In many places, rabbits adorn windows and bits of landscape at Easter time, but where I live this is a year-round phenomenon.
Due to a legendary over-breeding and subsequent infestation of rabbits in the fields of Bessungen sometime in the late 16th century, this region of modern-day Darmstadt and by extension its people, have come to be associated with them. At the time of the French revolution with their occupation of this region and lands west, a term was coined for the Bessungers: lapin (the French for rabbit). This morphed at some point into lapping, the term used today.
So, for spending Easter without family or religions obligations, I decided to shoot some rabbits (with my camera). Of course the area has developed quite a bit in the last couple hundred years, so it’s quite rare these days that one sees a real rabbit in Bessungen. Instead, my tour of the neighborhood would be in search of rabbits in other forms. This would start, of course, with the sculpture in front of the local elementary school, perhaps the most immediately recognizable leporine depiction in town.
It is impossible not to notice the rabbits in shop windows along the way.
And indeed in the very names and logos of local businesses..
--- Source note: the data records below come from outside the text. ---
lemma sym_tree_edge_sides_disjoint:
  assumes tree: "sym_tree V E" and uv: "(u, v) \<in> E"
    and "(u, y) \<in> (remove_edge E (u, v))\<^sup>*" and "(v, y) \<in> (remove_edge E (u, v))\<^sup>*"
  shows False
proof -
  have "sym (remove_edge E (u, v))"
    using tree unfolding sym_tree_def remove_edge_def sym_def by blast
  then have "(y, v) \<in> (remove_edge E (u, v))\<^sup>*"
    using assms(4) by (meson sym_rtrancl symD)
  with assms(3) have "(u, v) \<in> (remove_edge E (u, v))\<^sup>*"
    by (meson rtrancl_trans)
  with tree uv show False
    unfolding sym_tree_def by fastforce
qed

lemma sym_tree_Vminus_Un_Vplus:
  assumes "sym_tree V E" and "(u, v) \<in> E" and "VC \<subseteq> V"
  shows "Vminus E VC (u, v) \<union> Vplus E VC (u, v) = VC"
proof -
  have "(u, z) \<in> E\<^sup>*" if "z \<in> VC" for z
    using assms that unfolding sym_tree_def by blast
  then show ?thesis
    unfolding Vminus_def Vplus_def using rtrancl_remove_edge_cases by fastforce
qed

lemma sym_tree_Vminus_Int_Vplus:
  assumes "sym_tree V E" and "(u, v) \<in> E"
  shows "Vminus E VC (u, v) \<inter> Vplus E VC (u, v) = {}"
  unfolding Vminus_def Vplus_def using sym_tree_edge_sides_disjoint[OF assms] by auto

lemma is_path_rtrancl:
  assumes "is_path D p"
  shows "(hd p, last p) \<in> D\<^sup>*"
  using assms
proof (induction p)
  case Nil
  then show ?case by (simp add: is_path_def)
next
  case (Cons a p)
  show ?case
  proof (cases "p = []")
    case True
    then show ?thesis by simp
  next
    case False
    have "is_path D p"
      using Cons.prems False unfolding is_path_def by force
    with Cons.IH have "(hd p, last p) \<in> D\<^sup>*" by blast
    moreover have "(a, hd p) \<in> D"
      using Cons.prems False unfolding is_path_def by (force simp: hd_conv_nth)
    ultimately show ?thesis
      using False by (simp add: converse_rtrancl_into_rtrancl)
  qed
qed

lemma is_path_remove_edge:
  assumes "is_path E p" and "(u, v) \<notin> path_edges p" and "(v, u) \<notin> path_edges p"
  shows "is_path (remove_edge E (u, v)) p"
  using assms unfolding is_path_def path_edges_def remove_edge_def by auto

lemma valid_exec_sendsD:
  assumes "valid_exec E VC init k sends" and "(x, p) \<in> sends i"
  shows "i < k" and "is_path E p" and "x \<in> hold init sends (hd p) i"
proof -
  show "i < k"
    using assms unfolding valid_exec_def by (metis empty_iff not_less)
  then show "is_path E p" and "x \<in> hold init sends (hd p) i"
    using assms unfolding valid_exec_def by fastforce+
qed

lemma hold_subset_UN_init:
  assumes "valid_exec E VC init k sends"
  shows "hold init sends y t \<subseteq> (\<Union>z. init z)"
proof (induction t arbitrary: y)
  case 0
  then show ?case by auto
next
  case (Suc t)
  have "x \<in> (\<Union>z. init z)" if "(x, p) \<in> sends t" for x p
    using Suc.IH valid_exec_sendsD(3)[OF assms that] by blast
  with Suc.IH show ?case by auto
qed

lemma routed_subset_UN_init:
  assumes "valid_exec E VC init k sends"
  shows "routed sends i e \<subseteq> (\<Union>z. init z)"
proof
  fix x
  assume "x \<in> routed sends i e"
  then obtain p where "(x, p) \<in> sends i"
    unfolding routed_def by blast
  then show "x \<in> (\<Union>z. init z)"
    by (rule subsetD[OF hold_subset_UN_init[OF assms] valid_exec_sendsD(3)[OF assms]])
qed

lemma input_partition_owner_in_VC:
  assumes "input_partition VC R S init" and "x \<in> init z"
  shows "z \<in> VC"
  using assms unfolding input_partition_def by (metis empty_iff)

lemma input_partition_owner_unique:
  assumes "input_partition VC R S init" and "x \<in> init z" and "x \<in> init z'"
  shows "z = z'"
proof -
  have "z \<in> VC" and "z' \<in> VC"
    using assms input_partition_owner_in_VC by blast+
  with assms show ?thesis
    unfolding input_partition_def by (metis disjoint_iff)
qed

lemma input_partition_UN_init:
  assumes "input_partition VC R S init"
  shows "(\<Union>z. init z) = R \<union> S"
proof -
  have "(\<Union>z. init z) = (\<Union>z\<in>VC. init z)"
    using input_partition_owner_in_VC[OF assms] by blast
  also have "\<dots> = R \<union> S"
    using assms unfolding input_partition_def by (elim conjE)
  finally show ?thesis .
qed

lemma sum_card_init_eq_card_UN:
  assumes "input_partition VC R S init" and "finite R" and "finite S" and "finite U"
  shows "(\<Sum>z\<in>U. real (card (init z))) = real (card (\<Union>z\<in>U. init z))"
proof -
  have "finite (init z)" for z
    using assms(2,3) input_partition_UN_init[OF assms(1)] by (metis UN_upper UNIV_I finite_Un finite_subset)
  then have "card (\<Union>z\<in>U. init z) = (\<Sum>z\<in>U. card (init z))"
    using assms(4) input_partition_owner_unique[OF assms(1)] by (intro card_UN_disjoint) blast+
  then show ?thesis by simp
qed
(* Let $\tau$ be a row-standard tableau. Then there exists a sequence of integers $i_1,\dots,i_m$ such that $\mathrm{st}(\tau)=\delta_{i_1}\cdots\delta_{i_m}(\tau)$ (each $\delta_{i_k}$ being applied to a tableau lying in $D_{i_k}$), and $n_{\mathrm{inv}}(\tau)$ is the minimal length $m$ of such a sequence.
   Context: Fix a Young diagram $Y$ with $n$ boxes. A row-standard tableau of shape $Y$ is a bijective numbering of its boxes by $1,\dots,n$ increasing left to right along rows; it is standard if also increasing top to bottom along columns. The standardization $\mathrm{st}(\tau)$ of a row-standard $\tau$ is the standard tableau obtained by rearranging the entries of each column of $\tau$ in increasing order from top to bottom. An inversion of $\tau$ is a pair $i<j$ in the same column such that either (i) $i$ or $j$ has no box immediately to its right and $i$ is below $j$, or (ii) $i,j$ have right neighbours $i',j'$ with $i'>j'$; $n_{\mathrm{inv}}(\tau)$ is their number. For $i\in\{1,\dots,n\}$, $D_i$ is the set of row-standard $\tau$ such that: (1) $i$ is not in the first row, and letting $j$ be the entry immediately above $i$: (2) if $i$ has a right neighbour $i'$ then $j<i'$, and if $j$ has a right neighbour $j'$ then $i<j'$; (3) for every $k$ in the same column as $i,j$ with $\min(i,j)<k<\max(i,j)$, exactly one of $(\min(i,j),k)$, $(k,\max(i,j))$ is an inversion. For $\tau\in D_i$, with $i_1<\dots<i_q=i$ the entries of the row of $i$ up to $i$ and $j_1<\dots<j_q=j$ those of the row of $j$ up to $j$, $\delta_i(\tau)$ is obtained by swapping $i_k$ and $j_k$ for all $k\le q$. *)

theory Defs
  imports Main
begin

text \<open>Row 0 is the first (top) row; boxes are pairs (row, column),
columns indexed from 0. Tableaux are maps from boxes to entries, with value 0
outside the diagram (so that tableaux are compared as functions).\<close>

type_synonym tableau = "nat \<times> nat \<Rightarrow> nat"

definition young_diagram :: "nat list \<Rightarrow> bool" where
  "young_diagram Y \<longleftrightarrow> sorted (rev Y) \<and> (\<forall>l\<in>set Y. 0 < l)"

definition boxes :: "nat list \<Rightarrow> (nat \<times> nat) set" where
  "boxes Y = {(r, c). r < length Y \<and> c < Y ! r}"

definition size_yd :: "nat list \<Rightarrow> nat" where
  "size_yd Y = sum_list Y"

definition tableau :: "nat list \<Rightarrow> tableau \<Rightarrow> bool" where
  "tableau Y \<tau> \<longleftrightarrow> bij_betw \<tau> (boxes Y) {1..size_yd Y} \<and> (\<forall>b. b \<notin> boxes Y \<longrightarrow> \<tau> b = 0)"

definition row_standard :: "nat list \<Rightarrow> tableau \<Rightarrow> bool" where
  "row_standard Y \<tau> \<longleftrightarrow> tableau Y \<tau> \<and>
     (\<forall>r c. (r, Suc c) \<in> boxes Y \<longrightarrow> \<tau> (r, c) < \<tau> (r, Suc c))"

definition col_entries :: "nat list \<Rightarrow> tableau \<Rightarrow> nat \<Rightarrow> nat set" where
  "col_entries Y \<tau> c = {\<tau> (r, c) | r. (r, c) \<in> boxes Y}"

definition st :: "nat list \<Rightarrow> tableau \<Rightarrow> tableau" where
  "st Y \<tau> = (\<lambda>(r, c). if (r, c) \<in> boxes Y
      then sorted_list_of_set (col_entries Y \<tau> c) ! r else 0)"

definition inversion_boxes :: "nat list \<Rightarrow> tableau \<Rightarrow> nat \<times> nat \<Rightarrow> nat \<times> nat \<Rightarrow> bool" where
  "inversion_boxes Y \<tau> b1 b2 \<longleftrightarrow>
     b1 \<in> boxes Y \<and> b2 \<in> boxes Y \<and> snd b1 = snd b2 \<and> \<tau> b1 < \<tau> b2 \<and>
     ( (((fst b1, Suc (snd b1)) \<notin> boxes Y \<or> (fst b2, Suc (snd b2)) \<notin> boxes Y)
          \<and> fst b1 > fst b2)
     \<or> ((fst b1, Suc (snd b1)) \<in> boxes Y \<and> (fst b2, Suc (snd b2)) \<in> boxes Y
          \<and> \<tau> (fst b1, Suc (snd b1)) > \<tau> (fst b2, Suc (snd b2))))"

definition is_inversion :: "nat list \<Rightarrow> tableau \<Rightarrow> nat \<Rightarrow> nat \<Rightarrow> bool" where
  "is_inversion Y \<tau> i j \<longleftrightarrow>
     (\<exists>b1 b2. inversion_boxes Y \<tau> b1 b2 \<and> \<tau> b1 = i \<and> \<tau> b2 = j)"

definition n_inv :: "nat list \<Rightarrow> tableau \<Rightarrow> nat" where
  "n_inv Y \<tau> = card {(b1, b2). inversion_boxes Y \<tau> b1 b2}"

definition D :: "nat list \<Rightarrow> nat \<Rightarrow> tableau set" where
  "D Y i = {\<tau>. row_standard Y \<tau> \<and>
     (\<exists>r c. (r, c) \<in> boxes Y \<and> \<tau> (r, c) = i \<and> 0 < r \<and>
        (let j = \<tau> (r - 1, c) in
          ((r, Suc c) \<in> boxes Y \<longrightarrow> j < \<tau> (r, Suc c)) \<and>
          ((r - 1, Suc c) \<in> boxes Y \<longrightarrow> i < \<tau> (r - 1, Suc c)) \<and>
          (\<forall>k \<in> col_entries Y \<tau> c. min i j < k \<and> k < max i j \<longrightarrow>
             (is_inversion Y \<tau> (min i j) k \<noteq> is_inversion Y \<tau> k (max i j)))))}"

definition pos :: "nat list \<Rightarrow> tableau \<Rightarrow> nat \<Rightarrow> nat \<times> nat" where
  "pos Y \<tau> i = (THE b. b \<in> boxes Y \<and> \<tau> b = i)"

definition delta :: "nat list \<Rightarrow> nat \<Rightarrow> tableau \<Rightarrow> tableau" where
  "delta Y i \<tau> = (let (r, c) = pos Y \<tau> i in
     (\<lambda>(r', c'). if r' = r \<and> c' \<le> c then \<tau> (r - 1, c')
                 else if r' = r - 1 \<and> c' \<le> c then \<tau> (r, c')
                 else \<tau> (r', c')))"

text \<open>delta_seq Y [i1,...,im] \<tau> \<sigma>: \<sigma> = delta_i1 (... (delta_im \<tau>)), where each
delta_ik is applied to a tableau lying in D_ik.\<close>
fun delta_seq :: "nat list \<Rightarrow> nat list \<Rightarrow> tableau \<Rightarrow> tableau \<Rightarrow> bool" where
  "delta_seq Y [] \<tau> \<sigma> \<longleftrightarrow> \<sigma> = \<tau>"
| "delta_seq Y (i # ws) \<tau> \<sigma> \<longleftrightarrow>
     (\<exists>\<rho>. delta_seq Y ws \<tau> \<rho> \<and> \<rho> \<in> D Y i \<and> \<sigma> = delta Y i \<rho>)"

end

theory Submission
  imports Defs
begin

text \<open>
  For a row-standard tableau \<tau> we count inversions box-wise. A pair of boxes
  of one column is an inversion exactly when it carries increasing entries and satisfies an
  order-independent condition on the boxes, called its shape below; the shape relation is
  total and asymmetric on distinct boxes of a column.

  The operation delta_i exchanges the two row segments ending in the box (r,c) of i and the
  box above it; this is the tableau \<tau> composed with a box permutation. Every pair of boxes not
  involving the two swapped boxes of column c keeps its inversion status, so the change of
  n_inv is governed by pairs meeting those two boxes. If the two swapped boxes "agree" on every
  box of the column whose entry lies between theirs, the change is exactly +1 or -1; condition
  (3) in the definition of D_i is equivalent to this agreement. Hence each admissible delta
  lowers n_inv by at most one, which gives the lower bound for every sequence reaching st(\<tau>).

  Conversely, if \<tau> is not standard, take the rightmost column c containing a descent between
  rows r-1 and r. Column c+1 is increasing, and this forces \<tau> to lie in D_i for the entry i
  of box (r,c), with delta_i lowering n_inv by exactly one and keeping st(\<tau>). Induction on
  n_inv then reaches a standard tableau, which is its own standardization and has no
  inversions. This yields a sequence of length exactly n_inv(\<tau>).
\<close>

lemma box_upward_closed:
  assumes "young_diagram Y" "(r, c) \<in> boxes Y" "s \<le> r"
  shows "(s, c) \<in> boxes Y"
proof -
  have "sorted (rev Y)" using assms(1) by (simp add: young_diagram_def)
  moreover have "r < length Y" "c < Y ! r" using assms(2) by (auto simp: boxes_def)
  ultimately have "Y ! r \<le> Y ! s" using assms(3) sorted_rev_nth_mono by blast
  thus ?thesis using assms(2,3) by (auto simp: boxes_def)
qed

lemma box_leftward_closed: "(r, c) \<in> boxes Y \<Longrightarrow> c' \<le> c \<Longrightarrow> (r, c') \<in> boxes Y"
  by (auto simp: boxes_def)

lemma finite_boxes: "finite (boxes Y)"
proof -
  have "boxes Y \<subseteq> {..<length Y} \<times> {..<Max (insert 0 (set Y))}"
    by (auto simp: boxes_def intro!: less_le_trans[OF _ Max_ge])
  thus ?thesis by (rule finite_subset) auto
qed

lemma tableau_inj_on: "tableau Y \<tau> \<Longrightarrow> inj_on \<tau> (boxes Y)"
  by (simp add: tableau_def bij_betw_def)

lemma row_standard_tableau: "row_standard Y \<tau> \<Longrightarrow> tableau Y \<tau>"
  by (simp add: row_standard_def)

lemma row_standard_less: "row_standard Y \<tau> \<Longrightarrow> (r, Suc c) \<in> boxes Y \<Longrightarrow> \<tau> (r, c) < \<tau> (r, Suc c)"
  by (simp add: row_standard_def)

text \<open>The element of rank k (number of smaller elements) of a finite set of naturals sits at
  position k of its sorted list; this is what standardization computes in each column.\<close>

lemma nth_sorted_list_of_set_rank:
  fixes S :: "nat set"
  assumes "finite S" "x \<in> S"
  shows "sorted_list_of_set S ! card {y\<in>S. y < x} = x"
proof -
  define xs where "xs = sorted_list_of_set S"
  have ss: "sorted_wrt (<) xs" and sx: "set xs = S" and so: "sorted xs"
    using assms(1) by (auto simp: xs_def strict_sorted_list_of_set)
  have dx: "distinct xs" using ss strict_sorted_iff by blast
  obtain k where k: "k < length xs" "xs ! k = x" using assms(2) sx by (metis in_set_conv_nth)
  have "{y\<in>S. y < x} = (\<lambda>m. xs ! m) ` {..<k}"
  proof (intro equalityI subsetI)
    fix y assume "y \<in> {y\<in>S. y < x}"
    then obtain m where m: "m < length xs" "xs ! m = y" "y < x"
      using sx by (auto simp: in_set_conv_nth)
    have "m < k"
    proof (rule ccontr)
      assume "\<not> m < k"
      then have "xs ! k \<le> xs ! m" using sorted_nth_mono[OF so] m by auto
      thus False using m k by auto
    qed
    thus "y \<in> (\<lambda>m. xs ! m) ` {..<k}" using m by auto
  next
    fix y assume "y \<in> (\<lambda>m. xs ! m) ` {..<k}"
    then obtain m where "m < k" "y = xs ! m" by auto
    thus "y \<in> {y\<in>S. y < x}" using sorted_wrt_nth_less[OF ss] k sx by auto
  qed
  moreover have "inj_on (\<lambda>m. xs ! m) {..<k}"
    using dx k by (auto simp: inj_on_def nth_eq_iff_index_eq)
  ultimately have "card {y\<in>S. y < x} = k" by (simp add: card_image)
  thus ?thesis using k xs_def by simp
qed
However, the place to get a traditional meal with your non-local friend is clearly at Weinwirtschaft Heiping, where this sign greets one out front:My last stop on the rabbit hunt was the mural on my street:
The good people of Bessungen clearly like to distinguish themselves from their neighbors in the rest of Darmstadt. They have their own Christmas market, their own spring festival, and as you can see, they also have a peculiar yet lovable mascot to represent all of their quirkiness.